══ INPUT DATA ══

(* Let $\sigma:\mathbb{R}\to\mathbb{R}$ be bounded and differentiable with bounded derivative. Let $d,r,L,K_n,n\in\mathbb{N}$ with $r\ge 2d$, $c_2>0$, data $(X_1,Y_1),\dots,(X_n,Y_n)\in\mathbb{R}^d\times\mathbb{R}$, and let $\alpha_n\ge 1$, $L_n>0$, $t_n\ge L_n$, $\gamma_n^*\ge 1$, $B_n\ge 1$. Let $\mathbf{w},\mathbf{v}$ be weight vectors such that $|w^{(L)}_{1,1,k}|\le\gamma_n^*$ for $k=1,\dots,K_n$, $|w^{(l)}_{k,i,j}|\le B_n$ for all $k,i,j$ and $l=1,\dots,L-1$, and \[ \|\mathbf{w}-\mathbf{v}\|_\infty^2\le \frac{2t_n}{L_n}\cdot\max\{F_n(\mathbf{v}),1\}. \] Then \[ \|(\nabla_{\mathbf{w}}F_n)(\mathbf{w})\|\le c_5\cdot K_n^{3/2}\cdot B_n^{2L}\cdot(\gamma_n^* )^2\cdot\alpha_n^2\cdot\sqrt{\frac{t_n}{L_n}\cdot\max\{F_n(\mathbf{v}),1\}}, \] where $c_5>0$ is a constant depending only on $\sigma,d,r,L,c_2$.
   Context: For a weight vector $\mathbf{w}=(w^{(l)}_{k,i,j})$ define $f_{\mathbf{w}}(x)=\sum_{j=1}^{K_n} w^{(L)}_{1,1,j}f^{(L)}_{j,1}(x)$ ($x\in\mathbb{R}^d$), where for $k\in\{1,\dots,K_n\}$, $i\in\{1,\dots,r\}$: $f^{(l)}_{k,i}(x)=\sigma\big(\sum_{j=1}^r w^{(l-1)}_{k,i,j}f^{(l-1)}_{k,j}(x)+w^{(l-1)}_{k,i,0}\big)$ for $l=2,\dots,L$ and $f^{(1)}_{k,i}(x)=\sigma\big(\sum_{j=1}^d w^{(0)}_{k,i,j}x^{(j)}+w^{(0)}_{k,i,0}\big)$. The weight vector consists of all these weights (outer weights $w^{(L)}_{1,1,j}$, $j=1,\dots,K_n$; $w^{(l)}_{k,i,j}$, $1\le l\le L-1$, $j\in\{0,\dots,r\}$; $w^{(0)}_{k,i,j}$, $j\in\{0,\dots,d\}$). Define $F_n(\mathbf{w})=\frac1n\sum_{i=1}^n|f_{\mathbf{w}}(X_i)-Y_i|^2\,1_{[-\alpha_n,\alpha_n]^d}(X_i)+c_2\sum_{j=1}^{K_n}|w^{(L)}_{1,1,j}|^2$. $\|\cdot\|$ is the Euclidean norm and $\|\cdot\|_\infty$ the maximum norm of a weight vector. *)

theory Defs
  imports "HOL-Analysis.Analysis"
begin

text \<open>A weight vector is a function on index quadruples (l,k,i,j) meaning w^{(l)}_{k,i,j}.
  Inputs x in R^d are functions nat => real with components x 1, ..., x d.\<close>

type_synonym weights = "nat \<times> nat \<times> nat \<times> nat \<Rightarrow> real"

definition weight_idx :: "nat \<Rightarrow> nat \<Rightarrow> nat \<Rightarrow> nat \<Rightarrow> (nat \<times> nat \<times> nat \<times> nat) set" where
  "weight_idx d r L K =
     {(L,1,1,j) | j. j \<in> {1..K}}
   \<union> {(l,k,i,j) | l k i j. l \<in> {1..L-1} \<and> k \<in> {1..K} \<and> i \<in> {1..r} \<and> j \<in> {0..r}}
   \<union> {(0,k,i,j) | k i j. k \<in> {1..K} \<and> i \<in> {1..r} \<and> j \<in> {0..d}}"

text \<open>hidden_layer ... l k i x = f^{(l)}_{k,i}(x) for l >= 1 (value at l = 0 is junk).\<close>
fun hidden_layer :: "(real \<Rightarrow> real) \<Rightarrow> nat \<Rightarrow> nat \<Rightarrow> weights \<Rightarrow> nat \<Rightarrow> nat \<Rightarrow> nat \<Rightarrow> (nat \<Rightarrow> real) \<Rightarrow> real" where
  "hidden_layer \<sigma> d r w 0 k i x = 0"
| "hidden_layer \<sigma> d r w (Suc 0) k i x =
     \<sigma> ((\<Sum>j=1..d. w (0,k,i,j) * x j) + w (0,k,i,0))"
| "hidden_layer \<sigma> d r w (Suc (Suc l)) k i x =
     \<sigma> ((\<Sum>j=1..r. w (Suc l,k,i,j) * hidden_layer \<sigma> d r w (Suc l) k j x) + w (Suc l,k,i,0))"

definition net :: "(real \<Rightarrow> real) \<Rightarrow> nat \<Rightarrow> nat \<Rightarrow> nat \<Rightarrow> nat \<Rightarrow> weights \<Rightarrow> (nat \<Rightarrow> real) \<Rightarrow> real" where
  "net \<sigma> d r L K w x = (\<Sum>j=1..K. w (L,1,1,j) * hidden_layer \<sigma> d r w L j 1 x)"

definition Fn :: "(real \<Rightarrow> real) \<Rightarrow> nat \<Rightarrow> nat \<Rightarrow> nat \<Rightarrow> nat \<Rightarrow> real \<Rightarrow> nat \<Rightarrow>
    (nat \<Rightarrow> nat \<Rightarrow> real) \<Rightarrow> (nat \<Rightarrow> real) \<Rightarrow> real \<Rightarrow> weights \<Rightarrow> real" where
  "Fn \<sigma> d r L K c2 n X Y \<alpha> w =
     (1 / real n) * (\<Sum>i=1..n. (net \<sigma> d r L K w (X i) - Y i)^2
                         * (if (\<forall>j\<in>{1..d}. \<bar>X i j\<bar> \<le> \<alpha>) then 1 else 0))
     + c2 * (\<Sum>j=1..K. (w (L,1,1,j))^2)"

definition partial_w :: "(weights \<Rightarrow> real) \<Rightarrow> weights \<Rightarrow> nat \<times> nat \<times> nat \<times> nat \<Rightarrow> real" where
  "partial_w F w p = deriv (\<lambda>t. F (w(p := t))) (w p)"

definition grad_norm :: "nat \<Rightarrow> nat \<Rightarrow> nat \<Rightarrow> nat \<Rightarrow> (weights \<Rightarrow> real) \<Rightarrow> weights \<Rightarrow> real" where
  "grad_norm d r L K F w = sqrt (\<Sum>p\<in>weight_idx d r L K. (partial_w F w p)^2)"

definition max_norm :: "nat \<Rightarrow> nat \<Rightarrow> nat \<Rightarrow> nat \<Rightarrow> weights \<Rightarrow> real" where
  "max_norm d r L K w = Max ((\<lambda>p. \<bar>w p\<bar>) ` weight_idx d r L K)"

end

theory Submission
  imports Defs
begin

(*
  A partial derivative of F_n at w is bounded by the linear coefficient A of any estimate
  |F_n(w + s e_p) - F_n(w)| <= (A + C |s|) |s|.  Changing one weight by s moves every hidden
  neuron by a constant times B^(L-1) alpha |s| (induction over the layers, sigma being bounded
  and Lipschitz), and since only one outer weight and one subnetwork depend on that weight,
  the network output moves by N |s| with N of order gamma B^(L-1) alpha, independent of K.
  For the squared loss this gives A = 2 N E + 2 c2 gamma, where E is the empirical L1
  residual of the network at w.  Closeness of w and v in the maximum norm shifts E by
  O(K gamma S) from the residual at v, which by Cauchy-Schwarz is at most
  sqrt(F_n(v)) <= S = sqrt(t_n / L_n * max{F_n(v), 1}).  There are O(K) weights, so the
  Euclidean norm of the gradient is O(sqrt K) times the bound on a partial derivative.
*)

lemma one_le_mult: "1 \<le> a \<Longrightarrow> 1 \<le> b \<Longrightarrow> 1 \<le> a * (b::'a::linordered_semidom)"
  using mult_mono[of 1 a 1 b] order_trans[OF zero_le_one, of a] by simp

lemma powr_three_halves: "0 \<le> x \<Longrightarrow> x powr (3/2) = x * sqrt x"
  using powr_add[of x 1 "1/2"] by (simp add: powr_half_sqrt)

═══

- WORK TO COMPLETE:
Copy every line in the listing above where the string "simp" turns up.

- ANSWER SECTION:
  using mult_mono[of 1 a 1 b] order_trans[OF zero_le_one, of a] by simp
  using powr_add[of x 1 "1/2"] by (simp add: powr_half_sqrt)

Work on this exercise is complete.